[DATA TO EXAMINE Boundary: Start]

(* For every $h\in\widehat{\operatorname{PC}^{\bowtie}}$ and every partition $\mathcal P$ associated with $h$, one has $\varepsilon(h)=\varepsilon(h,\mathcal P)$.
   Context: $X=[0,1[$; $\widehat{\operatorname{PC}^{\bowtie}}$ is the group of bijections $X\to X$ continuous outside a finite subset, containing the group ${\mathfrak S}_{\mathrm{fin}}$ of finitely supported permutations with classical signature $\operatorname{sgn}$ valued in $\mathbb{Z}/2\mathbb{Z}$. For $h\in\widehat{\operatorname{PC}^{\bowtie}}$, a partition associated with $h$ is a finite partition $\mathcal P=\{I_1,\dots,I_n\}$ of $X$ into intervals $I_j=[\alpha_j,b_j[$ such that $h$ is continuous on $I_j^\circ=]\alpha_j,b_j[$ for each $j$ (so $h$ is strictly monotone there and $h(I_j^\circ)$ is an open interval). Let $\beta_j$ be the left endpoint of $h(I_j^\circ)$; $\{h(\alpha_j)\}=\{\beta_j\}$, and $\sigma_{(h,\mathcal P)}\in{\mathfrak S}_{\mathrm{fin}}$ sends $h(\alpha_j)$ to $\beta_j$ for each $j$ and fixes all other points. $R(h,\mathcal P)$ is the number of $j$ with $h$ decreasing on $I_j^\circ$, and $\varepsilon(h,\mathcal P)=R(h,\mathcal P)+\operatorname{sgn}(\sigma_{(h,\mathcal P)})\bmod 2$. There is a unique associated partition $\mathcal P^{\min}_h$ with the fewest intervals, every associated partition refines it, and $\varepsilon(h):=\varepsilon(h,\mathcal P^{\min}_h)$. *)

theory Defs
  imports "HOL-Analysis.Analysis" "HOL-Combinatorics.Permutations"
begin

definition Xs :: "real set" where
  "Xs = {0..<1}"

definition PC_hat :: "(real \<Rightarrow> real) \<Rightarrow> bool" where
  "PC_hat h \<longleftrightarrow> bij_betw h Xs Xs \<and>
     (\<exists>F. finite F \<and> (\<forall>x \<in> Xs - F. continuous (at x within Xs) h))"

definition assoc_partition :: "(real \<Rightarrow> real) \<Rightarrow> real set set \<Rightarrow> bool" where
  "assoc_partition h P \<longleftrightarrow> finite P \<and> \<Union>P = Xs \<and>
     (\<forall>I\<in>P. \<forall>J\<in>P. I \<noteq> J \<longrightarrow> I \<inter> J = {}) \<and>
     (\<forall>I\<in>P. \<exists>a b. a < b \<and> I = {a..<b} \<and> continuous_on {a<..<b} h)"

definition lend :: "real set \<Rightarrow> real" where "lend I = Inf I"
definition interior_iv :: "real set \<Rightarrow> real set" where
  "interior_iv I = {Inf I<..<Sup I}"

definition beta_pt :: "(real \<Rightarrow> real) \<Rightarrow> real set \<Rightarrow> real" where
  "beta_pt h I = Inf (h ` interior_iv I)"

definition sigma_hP :: "(real \<Rightarrow> real) \<Rightarrow> real set set \<Rightarrow> real \<Rightarrow> real" where
  "sigma_hP h P x = (if \<exists>I\<in>P. x = h (lend I)
      then beta_pt h (SOME I. I \<in> P \<and> x = h (lend I)) else x)"

definition R_hP :: "(real \<Rightarrow> real) \<Rightarrow> real set set \<Rightarrow> nat" where
  "R_hP h P = card {I\<in>P. \<forall>x\<in>interior_iv I. \<forall>y\<in>interior_iv I. x < y \<longrightarrow> h y < h x}"

definition sgn2 :: "(real \<Rightarrow> real) \<Rightarrow> nat" where
  "sgn2 s = (if evenperm s then 0 else 1)"

definition eps_hP :: "(real \<Rightarrow> real) \<Rightarrow> real set set \<Rightarrow> nat" where
  "eps_hP h P = (R_hP h P + sgn2 (sigma_hP h P)) mod 2"

definition Pmin :: "(real \<Rightarrow> real) \<Rightarrow> real set set" where
  "Pmin h = (THE P. assoc_partition h P \<and> (\<forall>Q. assoc_partition h Q \<longrightarrow> card P \<le> card Q))"

definition eps_h :: "(real \<Rightarrow> real) \<Rightarrow> nat" where
  "eps_h h = eps_hP h (Pmin h)"

end

theory Submission
  imports Defs
begin

text \<open>A partition associated with h is determined by the finite set L of left endpoints of its
intervals, and every such L contains L0 = {0} \<union> {discontinuities of h}; the partition given by
L0 is therefore P_min. So it suffices to show that \<open>\<epsilon>(h, -)\<close> does not change when a cut
c \<notin> L0 is removed, merging [a,c[ and [c,b[ into [a,b[. Being continuous and injective on ]a,b[,
h is strictly monotone there. If it increases, neither R nor \<sigma> changes: the infimum of h on
]a,c[ is that on ]a,b[, and that on ]c,b[ is h(c). If it decreases, R drops by one and \<sigma> is
composed with the transposition of h(a) and h(c), because now the infimum on ]a,c[ is h(c) while
the infimum on ]c,b[ is that on ]a,b[; both summands of \<epsilon> flip parity.\<close>

section \<open>Infima and monotonicity on real intervals\<close>

lemma Inf_image_eq_limit:
  fixes f :: "'a \<Rightarrow> 'b::{conditionally_complete_linorder, linorder_topology}"
  assumes lim: "(f \<longlongrightarrow> l) F" and F: "F \<noteq> bot" and S: "eventually (\<lambda>x. x \<in> S) F"
    and lower: "\<And>x. x \<in> S \<Longrightarrow> l \<le> f x"
  shows "Inf (f ` S) = l"
proof (rule antisym)
  have "S \<noteq> {}" using eventually_happens'[OF F S] by blast
  then show "l \<le> Inf (f ` S)" using lower by (auto intro: cInf_greatest)
  have bdd: "bdd_below (f ` S)" using lower by (rule bdd_belowI2)
  from S have "eventually (\<lambda>x. Inf (f ` S) \<le> f x) F"
    by (rule eventually_mono) (use bdd in \<open>auto intro: cInf_lower\<close>)
  then show "Inf (f ` S) \<le> l" using tendsto_lowerbound[OF lim _ F] by blast
qed

lemma Inf_image_initial_segment:
  fixes h :: "real \<Rightarrow> real"
  assumes mono: "mono_on {a<..<b} h" and c: "a < c" "c \<le> b" and bdd: "bdd_below (h ` {a<..<b})"
  shows "Inf (h ` {a<..<c}) = Inf (h ` {a<..<b})"
proof (rule antisym)
  show "Inf (h ` {a<..<b}) \<le> Inf (h ` {a<..<c})"
    using c bdd by (intro cInf_superset_mono) auto
  have bdd': "bdd_below (h ` {a<..<c})" by (rule bdd_below_mono[OF bdd]) (use c in auto)
  show "Inf (h ` {a<..<c}) \<le> Inf (h ` {a<..<b})"
  proof (rule cInf_greatest)
    fix y assume "y \<in> h ` {a<..<b}"
    then obtain x where x: "x \<in> {a<..<b}" "y = h x" by blast
    show "Inf (h ` {a<..<c}) \<le> y"
    proof (cases "x < c")
      case True then show ?thesis using x bdd' by (auto intro: cInf_lower)
    next
      case False
      then have "h ((a + c) / 2) \<le> h x" using c x by (intro monotone_onD[OF mono]) auto
      moreover have "Inf (h ` {a<..<c}) \<le> h ((a + c) / 2)" using c bdd' by (intro cInf_lower) auto
      ultimately show ?thesis using x by simp
    qed
  qed (use c in auto)
qed

lemma Inf_image_final_segment:
  fixes h :: "real \<Rightarrow> real"
  assumes anti: "antimono_on {a<..<b} h" and c: "a \<le> c" "c < b" and bdd: "bdd_below (h ` {a<..<b})"
  shows "Inf (h ` {c<..<b}) = Inf (h ` {a<..<b})"
proof (rule antisym)
  show "Inf (h ` {a<..<b}) \<le> Inf (h ` {c<..<b})"
    using c bdd by (intro cInf_superset_mono) auto
  have bdd': "bdd_below (h ` {c<..<b})" by (rule bdd_below_mono[OF bdd]) (use c in auto)
  show "Inf (h ` {c<..<b}) \<le> Inf (h ` {a<..<b})"
  proof (rule cInf_greatest)
    fix y assume "y \<in> h ` {a<..<b}"
    then obtain x where x: "x \<in> {a<..<b}" "y = h x" by blast
    show "Inf (h ` {c<..<b}) \<le> y"
    proof (cases "c < x")
      case True then show ?thesis using x bdd' by (auto intro: cInf_lower)
    next
      case False
      then have "h ((c + b) / 2) \<le> h x" using c x by (intro monotone_onD[OF anti]) auto
      moreover have "Inf (h ` {c<..<b}) \<le> h ((c + b) / 2)" using c bdd' by (intro cInf_lower) auto
      ultimately show ?thesis using x by simp
    qed
  qed (use c in auto)
qed

lemma strict_mono_on_not_antimono:
  fixes h :: "real \<Rightarrow> real"
  assumes mono: "strict_mono_on {p<..<q} h" and pq: "p < q"
  shows "\<not> strict_antimono_on {p<..<q} h"
proof
  assume anti: "strict_antimono_on {p<..<q} h"
  define x y where "x = (2 * p + q) / 3" and "y = (p + 2 * q) / 3"
  have xy: "x \<in> {p<..<q}" "y \<in> {p<..<q}" "x < y" using pq by (auto simp: x_def y_def)
  have "h x < h y" by (rule monotone_onD[OF mono xy])
  moreover have "h y < h x" by (rule monotone_onD[OF anti xy])
  ultimately show False by simp
qed

lemma Inf_notin_open_real:
  fixes U :: "real set"
  assumes "open U" "bdd_below U"
  shows "Inf U \<notin> U"
proof -
  obtain m where "\<And>u. u \<in> U \<Longrightarrow> m \<le> u" using assms(2) by (auto simp: bdd_below_def)
  then have "\<forall>u\<in>U. m - 1 < u" by force
  then show ?thesis using Inf_notin_open[OF assms(1)] by blast
qed

lemma eventually_at_right_Inf:
  fixes U :: "real set"
  assumes U: "open U" "is_interval U" "bdd_below U" and u: "u \<in> U"
  shows "eventually (\<lambda>t. t \<in> U) (at_right (Inf U))"
proof -
  have "Inf U < u"
    using cInf_lower[OF u U(3)] Inf_notin_open_real[OF U(1,3)] u by (metis order_le_less)
  moreover have "{Inf U<..<u} \<subseteq> U"
  proof
    fix t assume t: "t \<in> {Inf U<..<u}"
    then obtain v where "v \<in> U" "v < t" using cInf_less_iff[of U t] u U(3) by auto
    then show "t \<in> U" using U(2) u t unfolding is_interval_1 by (meson greaterThanLessThan_iff less_imp_le)
  qed
  ultimately show ?thesis using eventually_at_right_real by (blast intro: eventually_mono)
qed

lemma continuous_on_greaterThanLessThan_join:
  fixes h :: "real \<Rightarrow> real"
  assumes "continuous_on {a<..<c} h" "continuous_on {c<..<b} h" "isCont h c"
  shows "continuous_on {a<..<b} h"
proof (rule continuous_at_imp_continuous_on, rule ballI)
  fix y assume y: "y \<in> {a<..<b}"
  consider "y < c" | "y = c" | "c < y" by linarith
  then show "isCont h y"
    by cases (use assms y continuous_on_eq_continuous_at[of "{a<..<c}" h]
        continuous_on_eq_continuous_at[of "{c<..<b}" h] in auto)
qed

section \<open>Cut sets\<close>

definition next_cut :: "real set \<Rightarrow> real \<Rightarrow> real" where
  "next_cut L a = Min (insert 1 {x\<in>L. a < x})"

definition cut_set :: "real set \<Rightarrow> bool" where
  "cut_set L \<longleftrightarrow> finite L \<and> 0 \<in> L \<and> L \<subseteq> Xs"

definition cut_partition :: "real set \<Rightarrow> real set set" where
  "cut_partition L = (\<lambda>a. {a..<next_cut L a}) ` L"

definition admissible_cuts :: "(real \<Rightarrow> real) \<Rightarrow> real set \<Rightarrow> bool" where
  "admissible_cuts h L \<longleftrightarrow> cut_set L \<and> (\<forall>a\<in>L. continuous_on {a<..<next_cut L a} h)"

lemma admissible_cuts_imp_cut_set: "admissible_cuts h L \<Longrightarrow> cut_set L"
  by (simp add: admissible_cuts_def)

lemma next_cut_le_1: "finite L \<Longrightarrow> next_cut L a \<le> 1"
  unfolding next_cut_def by (rule Min_le) auto

lemma next_cut_le: "finite L \<Longrightarrow> x \<in> L \<Longrightarrow> a < x \<Longrightarrow> next_cut L a \<le> x"
  unfolding next_cut_def by (rule Min_le) auto

lemma next_cut_mem: "finite L \<Longrightarrow> next_cut L a \<in> insert 1 {x\<in>L. a < x}"
  unfolding next_cut_def by (rule Min_in) auto

lemma next_cut_eqI:
  assumes "finite L" "a < n" "n = 1 \<or> n \<in> L" "n \<le> 1" "\<And>x. x \<in> L \<Longrightarrow> a < x \<Longrightarrow> n \<le> x"
  shows "next_cut L a = n"
  unfolding next_cut_def by (rule Min_eqI) (use assms in auto)

lemma cut_set_bounds: "cut_set L \<Longrightarrow> a \<in> L \<Longrightarrow> 0 \<le> a \<and> a < 1"
  unfolding cut_set_def Xs_def by auto

lemma next_cut_gt: "cut_set L \<Longrightarrow> a \<in> L \<Longrightarrow> a < next_cut L a"
  using next_cut_mem[of L a] cut_set_bounds[of L a] by (auto simp: cut_set_def)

[DATA TO EXAMINE Boundary: End]

ASSIGNMENT: How many lines of the listing above contain the string "card"? Respond with the number and no other text.

OUTPUT OF THE TASK: 2